Time to Change campaign tackles mental health awkwardness

Mind and Rethink Mental Illness are launching a national ad campaign amid the "January blues" to tackle the taboo around mental health.


Time For Change by Dare.mp3

Time To Change: mental health charities launch TV ad campaign
Time To Change: mental health charities launch TV ad campaign

The campaign, 'It's Time To Talk. It's Time To Change' forms part of the charities' 'Time To Change' mental illness initiative and is intended to remove the fear and awkwardness around mental health by prompting people to talk about it.

The campaign will run across TV, radio, print and online.

Three radio ads, created by Dare, will run across Kiss, Capital and Heart FM with one ad featuring 'Peep Show' actress Sophie Chapman.

One ad features two parents at the school gates expressing their concerns about another parent, Gill, whom they've heard is suffering from mental illness.
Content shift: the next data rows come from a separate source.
lemma bij_betw_PiE_compose_permutes:
  assumes "\<pi> permutes I"
  shows "bij_betw (\<lambda>s. s \<circ> \<pi>) (PiE I (\<lambda>_. B)) (PiE I (\<lambda>_. B))"
proof (rule bij_betw_byWitness[where f' = "\<lambda>s. s \<circ> inv \<pi>"])
  have inv: "inv \<pi> permutes I"
    using assms by (rule permutes_inv)
  show "\<forall>s\<in>PiE I (\<lambda>_. B). s \<circ> \<pi> \<circ> inv \<pi> = s" "\<forall>s\<in>PiE I (\<lambda>_. B). s \<circ> inv \<pi> \<circ> \<pi> = s"
    using permutes_inv_o[OF assms] by (simp_all add: o_assoc[symmetric])
  show "(\<lambda>s. s \<circ> \<pi>) ` PiE I (\<lambda>_. B) \<subseteq> PiE I (\<lambda>_. B)"
    by (intro image_subsetI PiE_compose_permutes[OF assms])
  show "(\<lambda>s. s \<circ> inv \<pi>) ` PiE I (\<lambda>_. B) \<subseteq> PiE I (\<lambda>_. B)"
    by (intro image_subsetI PiE_compose_permutes[OF inv])
qed

lemma Omega_permute_replicas:
  assumes "\<pi> permutes {1..n}"
  shows "Omega L J \<beta> n (\<lambda>s. f (s \<circ> \<pi>)) = Omega L J \<beta> n f"
proof -
  have "(\<Sum>i=1..n. Ham L J ((s \<circ> \<pi>) i)) = (\<Sum>i=1..n. Ham L J (s i))" for s
    using sum.permute[OF assms, of "\<lambda>i. Ham L J (s i)"] by (simp add: comp_def)
  then have "(\<Sum>s\<in>PiE {1..n} (\<lambda>_. configs L). f (s \<circ> \<pi>) * exp (- \<beta> * (\<Sum>i=1..n. Ham L J (s i))))
      = (\<Sum>s\<in>PiE {1..n} (\<lambda>_. configs L). (\<lambda>s. f s * exp (- \<beta> * (\<Sum>i=1..n. Ham L J (s i)))) (s \<circ> \<pi>))"
    by simp
  also have "\<dots> = (\<Sum>s\<in>PiE {1..n} (\<lambda>_. configs L). f s * exp (- \<beta> * (\<Sum>i=1..n. Ham L J (s i))))"
    by (rule sum.reindex_bij_betw[OF bij_betw_PiE_compose_permutes[OF assms]])
  finally show ?thesis
    unfolding Omega_def by simp
qed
They then realise their mistake in misjudging her before approaching Gill to talk.

Danny Brooke-Taylor was the executive creative on the campaign, Helen Rhodes was the art director and Matt Lever was the copywriter.

Last year's TV ad will also be run again along with print ads in The Sun and Metro, featuring a set of cartoon strips by The Times and Spectator illustrator Stephen Collins. The sketches will show misunderstandings around mental health.
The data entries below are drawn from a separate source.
lemma length_morph_ext_pow_ge:
  assumes "is_morphism_on D \<sigma>" and "\<forall>c\<in>D. \<sigma> c \<noteq> []" and "set w \<subseteq> D"
  shows "length w \<le> length ((morph_ext \<sigma> ^^ l) w)"
proof (induction l)
  case (Suc l)
  have "set ((morph_ext \<sigma> ^^ l) w) \<subseteq> D"
    using set_morph_ext_pow_subset[OF assms(1,3)] .
  then have "\<forall>c\<in>set ((morph_ext \<sigma> ^^ l) w). \<sigma> c \<noteq> []"
    using assms(2) by blast
  then have "length ((morph_ext \<sigma> ^^ l) w) \<le> length (morph_ext \<sigma> ((morph_ext \<sigma> ^^ l) w))"
    by (rule length_morph_ext_ge)
  with Suc show ?case by simp
qed simp

lemma prefix_map_upt:
  assumes "prefix u (map b [0..<m])"
  shows "u = map b [0..<length u]"
proof -
  have "u = take (length u) (map b [0..<m])" and "length u \<le> m"
    using assms prefix_length_le[OF assms] by (auto simp: prefix_def)
  then show ?thesis by (simp add: take_map)
qed

lemma iter_fixed_point_iterate_prefix:
  assumes F: "iter_fixed_point C \<sigma> b"
  shows "(morph_ext \<sigma> ^^ l) [b 0] = map b [0..<length ((morph_ext \<sigma> ^^ l) [b 0])]"
proof -
  define W where "W l = (morph_ext \<sigma> ^^ l) [b 0]" for l
  obtain x where x: "\<sigma> (b 0) = b 0 # x"
    using F by (auto simp: iter_fixed_point_def)
  have conv: "words_converge_to W b"
    using F by (simp add: iter_fixed_point_def W_def[abs_def])
  have prefix_Suc: "prefix (W l) (W (Suc l))" for l
  proof (induction l)
    case 0
    show ?case using x by (simp add: W_def)
  next
    case (Suc l)
    then show ?case unfolding W_def by (simp add: morph_ext_prefix)
  qed
  have mono: "prefix (W l) (W m)" if "l \<le> m" for l m
    using that
  proof (induction m rule: dec_induct)
    case (step m)
    from step.IH prefix_Suc[of m] show ?case by (rule prefix_order.trans)
  qed simp
  have "W l ! i = b i" if i: "i < length (W l)" for i
  proof -
    obtain L where L: "\<forall>l'\<ge>L. \<forall>i<length (W l). W l' ! i = b i"
      using conv[unfolded words_converge_to_def, rule_format, of "length (W l)"] by blast
    obtain r where "W (max L l) = W l @ r"
      using mono[of l "max L l"] by (auto simp: prefix_def)
    then have "W l ! i = W (max L l) ! i" using i by (simp add: nth_append)
    then show ?thesis using L i by simp
  qed
  then show ?thesis unfolding W_def[symmetric] by (intro nth_equalityI) auto
qed

lemma iter_fixed_point_morph_ext_prefix:
  assumes F: "iter_fixed_point C \<sigma> b"
  shows "morph_ext \<sigma> (map b [0..<n]) = map b [0..<length (morph_ext \<sigma> (map b [0..<n]))]"
proof -
  define W where "W l = (morph_ext \<sigma> ^^ l) [b 0]" for l
  obtain l where l: "n \<le> length (W l)"
    using F unfolding iter_fixed_point_def words_converge_to_def W_def by blast
  have W: "W m = map b [0..<length (W m)]" for m
    unfolding W_def by (rule iter_fixed_point_iterate_prefix[OF F])
  have "prefix (map b [0..<n]) (W l)"
    using l W[of l] by (metis take_is_prefix take_map take_upt add_0)
  then have "prefix (morph_ext \<sigma> (map b [0..<n])) (W (Suc l))"
    unfolding W_def by (simp add: morph_ext_prefix)
  then show ?thesis using W[of "Suc l"] by (metis prefix_map_upt)
qed

lemma iter_fixed_point_letter_image:
  assumes "iter_fixed_point C \<sigma> b"
  defines "L n \<equiv> length (morph_ext \<sigma> (map b [0..<n]))"
  shows "\<sigma> (b n) = map b [L n..<L (Suc n)]"
proof -
  have L_Suc: "L (Suc n) = L n + length (\<sigma> (b n))"
    by (simp add: L_def)
  have "map b [0..<L n] @ \<sigma> (b n) = map b [0..<L (Suc n)]"
    using iter_fixed_point_morph_ext_prefix[OF assms(1), of n]
      iter_fixed_point_morph_ext_prefix[OF assms(1), of "Suc n"] by (simp add: L_def)
  also have "\<dots> = map b [0..<L n] @ map b [L n..<L (Suc n)]"
    using upt_add_eq_append[of 0 "L n" "length (\<sigma> (b n))"] L_Suc by simp
  finally show ?thesis by simp
qed

lemma uniform_fixed_point_letter_image:
  assumes "uniform_on k C \<sigma>" and "iter_fixed_point C \<sigma> b"
  shows "\<sigma> (b n) = map b [k * n..<k * n + k]"
proof -
  have "b m \<in> C" for m
    using assms(2) by (auto simp: iter_fixed_point_def)
  then have L: "length (morph_ext \<sigma> (map b [0..<m])) = k * m" for m
    using length_morph_ext_uniform[OF assms(1), of "map b [0..<m]"] by auto
  show ?thesis
    using iter_fixed_point_letter_image[OF assms(2), of n] unfolding L by (simp add: add.commute)
qed

lemma uniform_fixed_point_length_ge_2:
  assumes "uniform_on k C \<sigma>" and "iter_fixed_point C \<sigma> b"
  shows "2 \<le> k"
proof -
  obtain x where x: "\<sigma> (b 0) = b 0 # x" and "(morph_ext \<sigma> ^^ 0) x \<noteq> []"
    using assms(2) unfolding iter_fixed_point_def by blast
  then have "2 \<le> length (\<sigma> (b 0))" by (cases x) auto
  moreover have "length (\<sigma> (b 0)) = k"
    using assms unfolding uniform_on_def iter_fixed_point_def by blast
  ultimately show ?thesis by simp
qed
 A new online portal will include tips on how to start a conversation and an option to send e-cards, showing someone you're thinking about them.

Sue Baker, director at Time to Change, said: "The aim of our social marketing campaign is to use creative, innovative methods to reach our target audience. 'It's Time To Talk. It's Time To Change' encourages the public to talk and open up about something that affects one in four people in our communities.

"Through the use of subtle humour in our advertising, we hope we can remove the awkwardness and fear that stops many people talking about mental health."

In 2011, Time To Change received new funding from the Department of Health and Comic Relief to continue its work to end the stigma around mental health.